--- Brief ---
Gather each line of the records where "define" appears.

--- Input records ---
definition kernel :: "(real \<Rightarrow> real) \<Rightarrow> bool" where
  "kernel K \<longleftrightarrow>
     continuous_on {0<..} K \<and>
     (\<forall>u>0. ((\<lambda>k::int. K (exp (- real_of_int k) * u)) has_sum 1) UNIV) \<and>
     (\<forall>u>0. (\<lambda>k::int. abs (K (exp (- real_of_int k) * u)) * abs (real_of_int k - ln u) ^ 2)
               summable_on UNIV) \<and>
     bdd_above (abs_moment 2 K ` {0<..}) \<and>
     (\<forall>\<epsilon>>0. \<exists>\<Gamma>. \<forall>\<gamma>\<ge>\<Gamma>. \<forall>u>0.
        infsum (\<lambda>k::int. abs (K (exp (- real_of_int k) * u)) * abs (real_of_int k - ln u) ^ 2)
          {k::int. abs (real_of_int k - ln u) > \<gamma>} < \<epsilon>)"

definition kantorovich_op :: "(real \<Rightarrow> real) \<Rightarrow> real \<Rightarrow> (real \<Rightarrow> real) \<Rightarrow> real \<Rightarrow> real" where
  "kantorovich_op K w f x =
     infsum (\<lambda>k::int. K (exp (- real_of_int k) * x powr w) *
        (w * integral {real_of_int k / w .. (real_of_int k + 1) / w} (\<lambda>u. f (exp u)))) UNIV"

definition log_uniformly_continuous :: "(real \<Rightarrow> real) \<Rightarrow> bool" where
  "log_uniformly_continuous f \<longleftrightarrow>
     (\<forall>\<epsilon>>0. \<exists>\<delta>>0. \<forall>u>0. \<forall>v>0. \<bar>ln u - ln v\<bar> \<le> \<delta> \<longrightarrow> \<bar>f u - f v\<bar> < \<epsilon>)"

definition log_modulus :: "(real \<Rightarrow> real) \<Rightarrow> real \<Rightarrow> real" where
  "log_modulus f \<delta> =
     (SUP p\<in>{(x, y). x > 0 \<and> y > 0 \<and> \<bar>ln x - ln y\<bar> \<le> \<delta>}. \<bar>f (fst p) - f (snd p)\<bar>)"

end

theory Submission
  imports Defs
begin

text \<open>Put \<open>G u = f (exp u)\<close>, so that \<open>(I_w f)(x) = \<Sum>\<^sub>k \<chi>(e\<^sup>-\<^sup>k x\<^sup>w) a\<^sub>k\<close> with \<open>a\<^sub>k\<close> the
  mean of \<open>G\<close> over \<open>[k/w, (k+1)/w]\<close>, and \<open>\<omega>\<close> bounds the oscillation of \<open>G\<close> on intervals of length
  \<open>1/w\<close>. Chaining gives \<open>\<bar>G u - G l\<bar> \<le> c \<omega>\<close> whenever \<open>\<bar>u - l\<bar> \<le> c/w\<close> with \<open>c\<close> an integer;
  splitting the cell at the point of \<open>l + \<int>/w\<close> inside it and averaging these integer bounds yields
  \<open>\<bar>a\<^sub>k - G l\<bar> \<le> (1 + \<bar>k - w l\<bar>) \<omega>\<close>. Since the kernel weights sum to 1, the error is at most
  \<open>\<omega> \<Sum>\<^sub>k \<bar>\<chi>(e\<^sup>-\<^sup>k x\<^sup>w)\<bar> (1 + \<bar>k - w ln x\<bar>) \<le> \<omega> (M\<^sub>0 + M\<^sub>1)\<close>.\<close>

lemma oscillation_le_nat_multiple:
  fixes g :: "real \<Rightarrow> real"
  assumes osc: "\<And>s t. \<bar>s - t\<bar> \<le> \<delta> \<Longrightarrow> \<bar>g s - g t\<bar> \<le> \<omega>"
  shows "\<bar>u - l\<bar> \<le> real c * \<delta> \<Longrightarrow> \<bar>g u - g l\<bar> \<le> real c * \<omega>"
proof (induction c arbitrary: u)
  case 0
  then show ?case by simp
next
  case (Suc c)
  define z where "z = l + (u - l) * real c / (real c + 1)"
  have step: "\<bar>u - l\<bar> / (real c + 1) \<le> \<delta>"
    using Suc.prems by (simp add: divide_le_eq algebra_simps)
  have "\<bar>z - l\<bar> = \<bar>u - l\<bar> / (real c + 1) * real c"
    by (simp add: z_def abs_mult)
  also have "\<dots> \<le> \<delta> * real c"
    using step by (intro mult_right_mono) auto
  finally have "\<bar>g z - g l\<bar> \<le> real c * \<omega>"
    using Suc.IH by (simp add: mult.commute)
  moreover have "\<bar>g u - g z\<bar> \<le> \<omega>"
  proof -
    have "u - z = (u - l) / (real c + 1)" by (simp add: z_def field_simps)
    then show ?thesis using osc step by simp
  qed
  ultimately show ?case by (simp add: algebra_simps)
qed

lemma integral_deviation_le:
  fixes g :: "real \<Rightarrow> real"
  assumes cont: "continuous_on UNIV g"
    and osc: "\<And>s t. \<bar>s - t\<bar> \<le> \<delta> \<Longrightarrow> \<bar>g s - g t\<bar> \<le> \<omega>"
    and "p \<le> q"
    and near: "\<And>u. u \<in> {p..q} \<Longrightarrow> \<bar>u - l\<bar> \<le> real c * \<delta>"
  shows "\<bar>integral {p..q} (\<lambda>u. g u - g l)\<bar> \<le> (q - p) * (real c * \<omega>)"
proof -
  have int: "((\<lambda>u. g u - g l) has_integral integral {p..q} (\<lambda>u. g u - g l)) {p..q}"
    by (intro integrable_integral integrable_continuous_interval continuous_intros
        continuous_on_subset[OF cont]) auto
  have bound: "norm (g u - g l) \<le> real c * \<omega>" if "u \<in> {p..q} - {}" for u
    using oscillation_le_nat_multiple[OF osc near] that by simp
  have "0 \<le> real c * \<omega>" using bound[of p] \<open>p \<le> q\<close> by (auto intro: order_trans)
  then show ?thesis
    using has_integral_bound_real[OF _ _ int bound] content_real[OF \<open>p \<le> q\<close>]
    by (simp add: mult.commute) blast
qed

text \<open>With \<open>n = \<lceil>a\<rceil>\<close>, the cell \<open>[a, a+1]\<close> splits into parts of lengths \<open>n - a\<close> and \<open>a + 1 - n\<close>
  on which \<open>\<bar>t\<bar>\<close> is at most the first, resp. second, integer factor.\<close>

lemma weighted_cell_bound:
  fixes a :: real and n :: int
  assumes "a \<le> n" "n < a + 1"
  shows "(n - a) * real (nat (max \<bar>n - 1\<bar> \<bar>n\<bar>)) + (a + 1 - n) * real (nat (max \<bar>n\<bar> \<bar>n + 1\<bar>))
         \<le> 1 + \<bar>a\<bar>"
proof (cases "n \<ge> 1")
  case True
  then have "nat (max \<bar>n - 1\<bar> \<bar>n\<bar>) = nat n" "nat (max \<bar>n\<bar> \<bar>n + 1\<bar>) = nat n + 1" by auto
  moreover have "a \<ge> 0" using True assms by linarith
  ultimately show ?thesis using True by (simp add: algebra_simps)
next
  case False
  consider "n = 0" | "n \<le> -1" using False by linarith
  then show ?thesis
  proof cases
    case 1
    then show ?thesis using assms by simp
  next
    case 2
    then have "nat (max \<bar>n - 1\<bar> \<bar>n\<bar>) = nat (1 - n)" "nat (max \<bar>n\<bar> \<bar>n + 1\<bar>) = nat (- n)" by auto
    moreover have "a < 0" using 2 assms by linarith
    ultimately show ?thesis using 2 by (simp add: algebra_simps of_nat_diff)
  qed
qed

lemma cell_average_deviation_le:
  fixes g :: "real \<Rightarrow> real" and k :: int and w l \<omega> :: real
  assumes cont: "continuous_on UNIV g"
    and osc: "\<And>s t. \<bar>s - t\<bar> \<le> 1 / w \<Longrightarrow> \<bar>g s - g t\<bar> \<le> \<omega>"
    and w: "w > 0"
  shows "\<bar>w * integral {k / w..(real_of_int k + 1) / w} g - g l\<bar> \<le> (1 + \<bar>k - w * l\<bar>) * \<omega>"
proof -
  define a where "a = k - w * l"
  define n where "n = \<lceil>a\<rceil>"
  define s where "s = l + n / w"
  define c1 where "c1 = nat (max \<bar>n - 1\<bar> \<bar>n\<bar>)"
  define c2 where "c2 = nat (max \<bar>n\<bar> \<bar>n + 1\<bar>)"
  let ?I = "{k / w..(real_of_int k + 1) / w}" and ?h = "\<lambda>u. g u - g l"
  have an: "a \<le> n" "n < a + 1" unfolding n_def by linarith+
  have ws: "w * s = w * l + n" unfolding s_def using w by (simp add: field_simps)
  have s1: "k / w \<le> s" using an ws w unfolding a_def by (simp add: divide_le_eq mult.commute)
  have s2: "s \<le> (real_of_int k + 1) / w" using an ws w unfolding a_def by (simp add: le_divide_eq mult.commute)
  have "\<omega> \<ge> 0" using osc[of 0 0] w by auto
  have "integral ?I ?h = integral ?I g - g l / w"
    using w by (subst integral_diff) (auto intro: integrable_continuous_interval
        continuous_on_subset[OF cont] simp: field_simps)
  moreover have "?h integrable_on ?I"
    by (intro integrable_continuous_interval continuous_intros continuous_on_subset[OF cont]) auto
  then have "integral ?I ?h = integral {k / w..s} ?h + integral {s..(real_of_int k + 1) / w} ?h"
    using Henstock_Kurzweil_Integration.integral_combine[OF s1 s2] by metis
  ultimately have "w * integral ?I g - g l
      = w * (integral {k / w..s} ?h + integral {s..(real_of_int k + 1) / w} ?h)"
    using w by (simp add: field_simps)
  moreover have "\<bar>integral {k / w..s} ?h\<bar> \<le> (s - k / w) * (real c1 * \<omega>)"
  proof (rule integral_deviation_le[OF cont osc s1])
    fix u assume "u \<in> {k / w..s}"
    then have "k \<le> w * u" "w * u \<le> w * s" using w by (auto simp: divide_le_eq mult.commute)
    then have "\<bar>w * (u - l)\<bar> \<le> real c1" unfolding c1_def using an ws a_def by (auto simp: algebra_simps)
    then show "\<bar>u - l\<bar> \<le> real c1 * (1 / w)" using w by (simp add: abs_mult le_divide_eq mult.commute)
  qed
  moreover have "\<bar>integral {s..(real_of_int k + 1) / w} ?h\<bar> \<le> ((real_of_int k + 1) / w - s) * (real c2 * \<omega>)"
  proof (rule integral_deviation_le[OF cont osc s2])
    fix u assume "u \<in> {s..(real_of_int k + 1) / w}"
    then have "w * s \<le> w * u" "w * u \<le> k + 1" using w by (auto simp: le_divide_eq mult.commute)
    then have "\<bar>w * (u - l)\<bar> \<le> real c2" unfolding c2_def using an ws a_def by (auto simp: algebra_simps)
    then show "\<bar>u - l\<bar> \<le> real c2 * (1 / w)" using w by (simp add: abs_mult le_divide_eq mult.commute)
  qed
  ultimately have "\<bar>w * integral ?I g - g l\<bar>
      \<le> w * ((s - k / w) * (real c1 * \<omega>) + ((real_of_int k + 1) / w - s) * (real c2 * \<omega>))"
    using w by (simp add: abs_mult)
  also have "\<dots> = ((n - a) * real c1 + (a + 1 - n) * real c2) * \<omega>"
    using w ws unfolding a_def by (simp add: field_simps)
  also have "\<dots> \<le> (1 + \<bar>a\<bar>) * \<omega>"
    unfolding c1_def c2_def by (rule mult_right_mono[OF weighted_cell_bound[OF an] \<open>\<omega> \<ge> 0\<close>])
  finally show ?thesis unfolding a_def .
qed

lemma kernel_bounded_near_one:
  assumes "kernel K"
  obtains B where "B \<ge> 0" "\<And>y. y \<in> {exp (-1)..exp 1} \<Longrightarrow> \<bar>K y\<bar> \<le> B"
proof -
  have "continuous_on {exp (-1)..exp 1} K"
    using assms unfolding kernel_def
    by (elim conjE continuous_on_subset) (auto intro: less_le_trans[OF exp_gt_zero])
  hence "bounded (K ` {exp (-1)..exp 1})"
    by (intro compact_imp_bounded compact_continuous_image) auto
  then obtain B where B: "\<And>y. y \<in> K ` {exp (-1)..exp 1} \<Longrightarrow> norm y \<le> B"
    by (auto simp: bounded_iff)
  have "B \<ge> 0" using B[of "K 1"] by (auto intro: order_trans[OF abs_ge_zero])
  thus ?thesis using B that by auto
qed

--- Response to this task ---
  define z where "z = l + (u - l) * real c / (real c + 1)"
  define a where "a = k - w * l"
  define n where "n = \<lceil>a\<rceil>"
  define s where "s = l + n / w"
  define c1 where "c1 = nat (max \<bar>n - 1\<bar> \<bar>n\<bar>)"
  define c2 where "c2 = nat (max \<bar>n\<bar> \<bar>n + 1\<bar>)"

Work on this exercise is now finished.